Pressure exerted by a single electron in an spherical bubble

Question

This is from APhO 2010, Problem 3, Part (A)

When an electron is planted inside liquid helium, it can repel atoms of liquid helium and form what is called an electron bubble. The bubble contains nothing but the electron itself. We shall be interested mainly in its size and stability.

We use $\Delta f$ to denote the uncertainty of a quantity $f$. The components of an electron’s position vector $\vec{q}=(x,y,z)$ and momentum vector $\vec{p} = (p_x, p_y, p_z)$ must obey Heisenberg’s uncertainty relations $\Delta q_\alpha \Delta p_\alpha \geq \frac{\hbar}{2}$ where $\hbar$ is the Planck constant divided by $2\pi$ and $\alpha = x, y, z$.

We shall assume the electron bubble to be isotropic and its interface with liquid helium is a sharp spherical surface.
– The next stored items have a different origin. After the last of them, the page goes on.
(* Let $d\ge 1$, $\eta>0$, $\sigma>1$, $\alpha\ge 1$, and $0<\epsilon<\eta$. Consider the distribution $\mathcal{D}$ on $\mathbb{R}^d\times\{-1,+1\}$: $y$ uniform on $\{-1,+1\}$, $\bm{\mu}=(\eta,\dots,\eta)$, $\bm{x}\mid y=+1\sim\mathcal{N}(\bm{\mu},\sigma^2 I)$, $\bm{x}\mid y=-1\sim\mathcal{N}(-\alpha\bm{\mu},I)$. Consider linear classifiers $f(\bm{x})=\operatorname{sign}(\bm{w}^\top\bm{x}+b)$ with $\|\bm{w}\|_2=1$, $b\in\mathbb{R}$; let $\mathcal{R}_{nat}(f\mid y)=\Pr(f(\bm{x})\neq y\mid y)$ and $\mathcal{R}_{rob}(f\mid y)=\Pr(\exists\bm{\delta},\|\bm{\delta}\|_\infty\le\epsilon: f(\bm{x}+\bm{\delta})\neq y\mid y)$, and let $f_{nat}$, $f_{rob}$ be minimizers over $(\bm{w},b)$ of the total standard error $\Pr(f(\bm{x})\ne y)$ and the total robust error, respectively. For a classifier $f$ and an error notion $\mathcal{R}$ define the disparity $D(\mathcal{R}(f))=\mathcal{R}(f\mid +1)-\mathcal{R}(f\mid -1)$. Let $A=\frac{2\sqrt{d}\sigma}{\sigma^2-1}$ and $h(\sigma)=\frac{2\sigma^2\log\sigma}{\sigma^2-1}$. Then, both for $(\mathcal{R},f)=(\mathcal{R}_{nat},f_{nat})$ with $g(\alpha)=\frac{1+\alpha}{2}\eta$ and for $(\mathcal{R},f)=(\mathcal{R}_{rob},f_{rob})$ with $g(\alpha)=\frac{1+\alpha}{2}\eta-\epsilon$, $$D(\mathcal{R}(f))=\Pr\Big(\tfrac{A}{\sigma}g(\alpha)-\sqrt{A^2g^2(\alpha)+h(\sigma)}<\mathcal{N}(0,1)<-Ag(\alpha)+\sqrt{\big(\tfrac{A}{\sigma}\big)^2g^2(\alpha)+\tfrac{h(\sigma)}{\sigma^2}}\Big),$$ and this disparity decreases monotonically as $\alpha$ increases.
   Context: $\Pr(a<\mathcal{N}(0,1)<b)$ denotes the probability that a standard normal variable lies in $(a,b)$. $I$ is the $d\times d$ identity matrix. *)

theory Defs
  imports "HOL-Analysis.Analysis" "HOL-Probability.Probability"
begin

definition gauss_iso :: "real^'d \<Rightarrow> real \<Rightarrow> (real^'d) measure" where
  "gauss_iso m s = density lborel (\<lambda>x. ennreal (\<Prod>i\<in>UNIV. normal_density (m $ i) s (x $ i)))"

definition std_normal :: "real measure" where
  "std_normal = density lborel (\<lambda>x. ennreal (std_normal_density x))"

definition cond_dist :: "real \<Rightarrow> real \<Rightarrow> real \<Rightarrow> real \<Rightarrow> (real^'d) measure" where
  "cond_dist \<eta> \<sigma> \<alpha> y =
     (if y = 1 then gauss_iso (\<chi> i. \<eta>) \<sigma> else gauss_iso (\<chi> i. - \<alpha> * \<eta>) 1)"

definition lin_clf :: "real^'d \<Rightarrow> real \<Rightarrow> real^'d \<Rightarrow> real" where
  "lin_clf w b x = sgn (w \<bullet> x + b)"

definition nat_err :: "real \<Rightarrow> real \<Rightarrow> real \<Rightarrow> real^'d \<Rightarrow> real \<Rightarrow> real \<Rightarrow> real" where
  "nat_err \<eta> \<sigma> \<alpha> w b y = measure (cond_dist \<eta> \<sigma> \<alpha> y) {x. lin_clf w b x \<noteq> y}"

definition rob_err :: "real \<Rightarrow> real \<Rightarrow> real \<Rightarrow> real \<Rightarrow> real^'d \<Rightarrow> real \<Rightarrow> real \<Rightarrow> real" where
  "rob_err \<epsilon> \<eta> \<sigma> \<alpha> w b y = measure (cond_dist \<eta> \<sigma> \<alpha> y)
      {x. \<exists>\<delta>::real^'d. infnorm \<delta> \<le> \<epsilon> \<and> lin_clf w b (x + \<delta>) \<noteq> y}"

definition total_err :: "(real^'d \<Rightarrow> real \<Rightarrow> real \<Rightarrow> real) \<Rightarrow> real^'d \<Rightarrow> real \<Rightarrow> real" where
  "total_err R w b = (1/2) * R w b 1 + (1/2) * R w b (-1)"
text \<open>If the reciprocal of \<open>a\<close> is a unit, \<open>a\<close> is a monomial \<open>c X\<^bsup>A\<^esup>\<close>; a multiple of it
  that is divisible by no variable forces \<open>A = 0\<close>.\<close>

lemma dvd_1_of_reciprocal_dvd_1:
  assumes unit: "reciprocal (var_degrees d a) a dvd 1" and vars: "\<And>i. d \<le> i \<Longrightarrow> var_degree i a = 0"
    and avoid: "\<And>i. i < d \<Longrightarrow> \<exists>m\<in>Poly_Mapping.keys (a * b). Poly_Mapping.lookup m i = 0"
  shows "a dvd 1"
proof -
  obtain c where c: "c \<noteq> 0" "reciprocal (var_degrees d a) a = Const c"
    using unit dvd_1_iff_Const by blast
  have "a = reciprocal (var_degrees d a) (reciprocal (var_degrees d a) a)"
    using monom_dvd_var_degrees vars by (simp add: reciprocal_reciprocal)
  then have a: "a = Poly_Mapping.single (var_degrees d a) c"
    using c(2) by (simp add: Const_def reciprocal_single)
  have "Poly_Mapping.lookup (var_degrees d a) i = 0" for i
  proof (cases "i < d")
    case True
    then obtain m where m: "m \<in> Poly_Mapping.keys (a * b)" "Poly_Mapping.lookup m i = 0"
      using avoid by blast
    then obtain a' b' where "m = a' + b'" "a' \<in> Poly_Mapping.keys a" using keys_mult by blast
    then have "m = var_degrees d a + b'" using a c(1) by (metis empty_iff insert_iff keys_single)
    then show ?thesis using m(2) by (simp add: lookup_add)
  qed (simp add: lookup_var_degrees)
  then have "var_degrees d a = 0" by (simp add: poly_mapping_eqI)
  then have "a = Const c" using a by (simp add: Const_def)
  then show ?thesis using c(1) dvd_1_iff_Const by blast
qed

text \<open>A factorisation \<open>p = a b\<close> reflects to one of the reciprocal of \<open>p\<close>, since the
  degrees in each variable add up.\<close>

lemma irreducible_of_irreducible_reciprocal:
  assumes irr: "irreducible (reciprocal N p)" and "p \<noteq> 0"
    and deg: "\<And>i. var_degree i p = Poly_Mapping.lookup N i" and N: "Poly_Mapping.keys N \<subseteq> {..<d}"
    and avoid: "\<And>i. i < d \<Longrightarrow> \<exists>m\<in>Poly_Mapping.keys p. Poly_Mapping.lookup m i = 0"
  shows "irreducible p"
proof (rule irreducibleI)
  show "p \<noteq> 0" by fact
  show "\<not> p dvd 1"
  proof
    assume "p dvd 1"
    then obtain c where "c \<noteq> 0" "p = Const c" using dvd_1_iff_Const by blast
    moreover from this have "N = 0" using deg var_degree_Const by (metis lookup_zero poly_mapping_eqI)
    ultimately have "reciprocal N p = Const c" by (simp add: Const_def reciprocal_single)
    then show False using irr irreducible_not_unit dvd_1_iff_Const \<open>c \<noteq> 0\<close> by blast
  qed
next
  fix a b assume ab: "p = a * b"
  then have "a \<noteq> 0" "b \<noteq> 0" using \<open>p \<noteq> 0\<close> by auto
  have deg_sum: "var_degree i a + var_degree i b = Poly_Mapping.lookup N i" for i
    using var_degree_mult[OF \<open>a \<noteq> 0\<close> \<open>b \<noteq> 0\<close>] ab deg by simp
  have N0: "Poly_Mapping.lookup N i = 0" if "d \<le> i" for i using N that by (auto simp: in_keys_iff)
  then have vars: "var_degree i a = 0" "var_degree i b = 0" if "d \<le> i" for i
    using deg_sum[of i] that by auto
  have "var_degrees d a + var_degrees d b = N"
    using deg_sum N0 by (intro poly_mapping_eqI) (simp add: lookup_add lookup_var_degrees)
  moreover have "reciprocal (var_degrees d a + var_degrees d b) (a * b) =
      reciprocal (var_degrees d a) a * reciprocal (var_degrees d b) b"
    by (rule reciprocal_mult) (use monom_dvd_var_degrees vars in auto)
  ultimately have "reciprocal (var_degrees d a) a dvd 1 \<or> reciprocal (var_degrees d b) b dvd 1"
    using irr irreducibleD ab by metis
  then show "a dvd 1 \<or> b dvd 1"
    using dvd_1_of_reciprocal_dvd_1[of d a b] dvd_1_of_reciprocal_dvd_1[of d b a] vars avoid ab
    by (metis mult.commute)
qed

section \<open>Roots of unity and the grid\<close>

lemma rho_nonzero [simp]: "rho q j k \<noteq> 0"
  by (simp add: rho_def)

lemma rho_add: "rho q j (k + l) = rho q j k * rho q j l"
  by (simp add: rho_def mult_exp_exp add_divide_distrib distrib_left distrib_right)

lemma rho_power: "rho q j k ^ t = rho q j (k * t)"
  by (induction t) (simp_all add: rho_def[of q j 0] rho_add)

lemma rho_eq_1_iff: "0 < q j \<Longrightarrow> rho q j k = 1 \<longleftrightarrow> q j dvd k"
proof -
  assume q: "0 < q j"
  have "rho q j k = 1 \<longleftrightarrow> (\<exists>n::int. 2 * pi * real k / real (q j) = of_int (2 * n) * pi)"
    unfolding rho_def exp_eq_1 by simp
  also have "\<dots> \<longleftrightarrow> (\<exists>n::int. real k = real (q j) * of_int n)"
    using q by (intro ex_cong1) (auto simp: field_simps)
  also have "\<dots> \<longleftrightarrow> (\<exists>n::int. int k = int (q j) * n)"
    by (intro ex_cong1) (metis of_int_eq_iff of_int_mult of_int_of_nat_eq)
  also have "\<dots> \<longleftrightarrow> int (q j) dvd int k" by (auto simp: dvd_def)
  also have "\<dots> \<longleftrightarrow> q j dvd k" by simp
  finally show ?thesis .
qed
lemma qpb_cmult_left: "f \<in> poly_fun \<Longrightarrow> qpb n d (\<lambda>q. c * f q) h p = c * qpb n d f h p"
  using qpb_mult_left[OF poly_fun_const[of c], of f n d h p] by simp

lemma qpb_cmult_right: "f \<in> poly_fun \<Longrightarrow> qpb n d h (\<lambda>q. c * f q) p = c * qpb n d h f p"
  using qpb_mult_right[OF poly_fun_const[of c], of f n d h p] by simp

lemma qpb_sum_left:
  "finite S \<Longrightarrow> (\<And>m. m \<in> S \<Longrightarrow> f m \<in> poly_fun) \<Longrightarrow>
    qpb n d (\<lambda>q. \<Sum>m\<in>S. f m q) h p = (\<Sum>m\<in>S. qpb n d (f m) h p)"
proof (induction S rule: finite_induct)
  case (insert x F)
  then have "qpb n d (\<lambda>q. f x q + (\<Sum>m\<in>F. f m q)) h p =
      qpb n d (f x) h p + qpb n d (\<lambda>q. \<Sum>m\<in>F. f m q) h p"
    by (intro qpb_add_left poly_fun_sum) auto
  with insert show ?case by simp
qed simp

lemma qpb_sum_right:
  "finite S \<Longrightarrow> (\<And>m. m \<in> S \<Longrightarrow> f m \<in> poly_fun) \<Longrightarrow>
    qpb n d h (\<lambda>q. \<Sum>m\<in>S. f m q) p = (\<Sum>m\<in>S. qpb n d h (f m) p)"
proof (induction S rule: finite_induct)
  case (insert x F)
  then have "qpb n d h (\<lambda>q. f x q + (\<Sum>m\<in>F. f m q)) p =
      qpb n d h (f x) p + qpb n d h (\<lambda>q. \<Sum>m\<in>F. f m q) p"
    by (intro qpb_add_right poly_fun_sum) auto
  with insert show ?case by simp
qed simp

lemma cb_antisym: "cb n p b a = - cb n p a b"
proof -
  have kd_sym: "kd i j = kd j i" and ord_sign_anti: "ord_sign i j = - ord_sign j i" for i j
    unfolding kd_def ord_sign_def by auto
  show ?thesis
  proof (cases a; cases b)
    fix i j k l assume "a = Vc i j" "b = Vc k l"
    then show ?thesis by (simp add: cb_def ord_sign_anti[of i k] algebra_simps)
  next
    fix i j k l assume "a = Wc i j" "b = Wc k l"
    then show ?thesis by (simp add: cb_def ord_sign_anti[of i k] algebra_simps)
  qed (simp_all add: cb_def kd_sym algebra_simps)
qed

lemma qpb_antisym: "qpb n d g f p = - qpb n d f g p"
proof -
  have "qpb n d g f p = (\<Sum>a\<in>coords n d. \<Sum>b\<in>coords n d. pd g b p * pd f a p * cb n p b a)"
    unfolding qpb_def by (rule sum.swap)
  also have "\<dots> = (\<Sum>a\<in>coords n d. \<Sum>b\<in>coords n d. - (pd f a p * pd g b p * cb n p a b))"
    by (intro sum.cong refl) (subst cb_antisym, simp)
  also have "\<dots> = - qpb n d f g p"
    unfolding qpb_def by (simp add: sum_negf)
  finally show ?thesis .
qed
(* Let $\Phi(x,y)$ be a standard symmetric polynomial of partial degree $d$ and let $H$ be a finite, connected, $d$-regular graph that is strongly $\Phi$-polynomial. Then $G(\Phi)^*$ is vertex-transitive. In particular, $H$ is vertex-transitive.
   Context: For symmetric $\Phi(x,y)\in\mathbb{C}[x,y]$ of partial degree $d$ (degree $d$ in $y$), $G(\Phi)$ has vertex set $\mathbb{C}$, the neighbours of $u$ being the roots of $\Phi(u,y)$ (edges = points of $\mathbb{V}(\Phi)$). A component is singular if it contains a loop ($\Phi(u,u)=0$), a multiple edge (multiple root of $\Phi(u,y)$) or a defective vertex (leading coefficient in $y$ of $\Phi(u,y)$ vanishes). $\Phi$ is standard if it is squarefree, $\Phi(x,x)\not\equiv 0$, and $\Phi$ has no nonconstant factor depending only on $x$ (or only on $y$); $G(\Phi)^*$ is $G(\Phi)$ with its finitely many singular components removed. $H$ is $\Phi$-polynomial if it is isomorphic to some component of $G(\Phi)^*$, and strongly $\Phi$-polynomial if it is isomorphic to every component of $G(\Phi)^*$. *)

theory Defs
  imports "HOL-Computational_Algebra.Computational_Algebra"
begin

text \<open>A bivariate polynomial Phi(x,y) in C[x,y] is represented as a polynomial in y
whose coefficients are polynomials in x, i.e. of type complex poly poly.\<close>

definition fiber :: "complex poly poly \<Rightarrow> complex \<Rightarrow> complex poly" where
  "fiber Phi u = map_poly (\<lambda>c. poly c u) Phi"

definition evalb :: "complex poly poly \<Rightarrow> complex \<Rightarrow> complex \<Rightarrow> complex" where
  "evalb Phi u v = poly (fiber Phi u) v"

definition symmetric_bipoly :: "complex poly poly \<Rightarrow> bool" where
  "symmetric_bipoly Phi \<longleftrightarrow> (\<forall>u v. evalb Phi u v = evalb Phi v u)"

definition partial_degree :: "complex poly poly \<Rightarrow> nat" where
  "partial_degree Phi = degree Phi"

definition standard :: "complex poly poly \<Rightarrow> bool" where
  "standard Phi \<longleftrightarrow>
     squarefree Phi \<and>
     (\<exists>u. evalb Phi u u \<noteq> 0) \<and>
     (\<forall>p :: complex poly. [:p:] dvd Phi \<longrightarrow> degree p = 0) \<and>
     (\<forall>q :: complex poly. map_poly (\<lambda>c. [:c:]) q dvd Phi \<longrightarrow> degree q = 0)"

definition phi_adj :: "complex poly poly \<Rightarrow> complex \<Rightarrow> complex \<Rightarrow> bool" where
  "phi_adj Phi u v \<longleftrightarrow> evalb Phi u v = 0"

definition component :: "complex poly poly \<Rightarrow> complex \<Rightarrow> complex set" where
  "component Phi u = {v. (phi_adj Phi)\<^sup>*\<^sup>* u v}"
lemma convex_imp_cconnected:
  assumes sub: "S \<subseteq> cvec n"
    and convex: "\<And>p q t. p \<in> S \<Longrightarrow> q \<in> S \<Longrightarrow> t \<in> {0..1} \<Longrightarrow>
              (\<lambda>i. p i + of_real t * (q i - p i)) \<in> S"
  shows "cconnected n S"
  unfolding cconnected_def
proof (rule notI, elim exE conjE)
  fix U V assume U: "copen n U" and V: "copen n V" and cover: "S \<subseteq> U \<union> V"
    and disj: "U \<inter> V \<inter> S = {}" and "U \<inter> S \<noteq> {}" and "V \<inter> S \<noteq> {}"
  then obtain p q where p: "p \<in> U" "p \<in> S" and q: "q \<in> V" "q \<in> S" by blast
  define \<gamma> where "\<gamma> t = (\<lambda>i. p i + of_real t * (q i - p i))" for t :: real
  have open_preimage: "open {t. \<gamma> t \<in> W}" if "copen n W" for W
    unfolding \<gamma>_def using that p(2) q(2) sub by (intro open_segment_preimage) auto
  have in_S: "\<gamma> t \<in> S" if "t \<in> {0..1}" for t
    unfolding \<gamma>_def using convex[OF p(2) q(2) that] .
  have "{t. \<gamma> t \<in> U} \<inter> {0..1} = {} \<or> {t. \<gamma> t \<in> V} \<inter> {0..1} = {}"
  proof (rule connectedD[OF connected_Icc open_preimage[OF U] open_preimage[OF V]])
    show "{t. \<gamma> t \<in> U} \<inter> {t. \<gamma> t \<in> V} \<inter> {0..1} = {}" using disj in_S by blast
    show "{0..1} \<subseteq> {t. \<gamma> t \<in> U} \<union> {t. \<gamma> t \<in> V}" using cover in_S by blast
  qed
  moreover have "\<gamma> 0 = p" "\<gamma> 1 = q" unfolding \<gamma>_def by auto
  ultimately show False using p q by force
qed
The liquid is kept at a constant temperature very close to $0$ K with its surface tension $\sigma$ given by $3.75 \times 10^{-4} \text{ N m}^{-1}$ and its electrostatic responses to the electron bubble may be neglected.

Consider an electron bubble in liquid helium with an equilibrium radius $R$. The electron, of mass $m$, moves freely inside the bubble with kinetic energy $E_k$ and exerts pressure $P_e$ on the inner side of the bubble-liquid interface. The pressure exerted by liquid helium on the outer side of the interface is $P_\text{He}$.

Find a relation between $E_k$ and $P_e$

I'm having a bit of trouble with this problem, and with the official solutions.

By assuming that 'the electron moves freely' and 'its interface ... is a sharp spherical surface'; I believe that the potential energy is $0$ inside the sphere and $\infty$ outside. Hence this is the case of an infinite spherical well (which I do NOT know how to solve, and I believe is out of the scope of this question).

Of course, the wave function must vanish at the surface of the sphere. Hence the electron is not uniformly distributed throughout the sphere. As a result, the usual method to find the pressure as in the kinetic theory of gases (like the derivation given in Blundell and Blundell section 6.1) would be irrelevant.

It seems puzzling then that the result comes to be identical, ie $PV = \frac{2}{3} E_k$.

Of course, if I knew the wavefunction, or more specifically $E_k$; I could then employ classically $4\pi R^2 P = \frac{\partial E_k}{\partial R}$ (or since $E_k$ should be quantized, going through the standard calculations through $Z$, the partition function).

I have looked at the solutions, and I feel they treat the problem superficially. How would I solve this problem rigorously?

Answer 1

Model extensions include a term covering the initial shock-driven acceleration of the bubble wall, an automated method determining shock front position and pressure decay and a complete energy balance for the partitioning of absorbed energy into vaporization, bubble and shock wave energy and dissipation through viscosity and condensation. Pressure is thus directly proportional to temperature density per geometrical spacetime unit, as only indirectly hinted at by Gay-Lussac’s law. Here :

1. There is NOT a very large number N of electrons , all identical and each having mass m.

2. The electrons do not obey Newton’s laws and are in discontinuous motion, which is chaotic rather than random AND anisotropic, that is, not the same in all directions.

3. The electrons are much smaller than the average distance between them, so their total volume is much less than that of their spherical bubble container (which has volume V).

The root mean square velocity is the square root of the average of the square of the velocity. The reason we use the rms velocity instead of the average is that for a typical electron chamber , the net velocity is zero since the electrons are moving in all directions.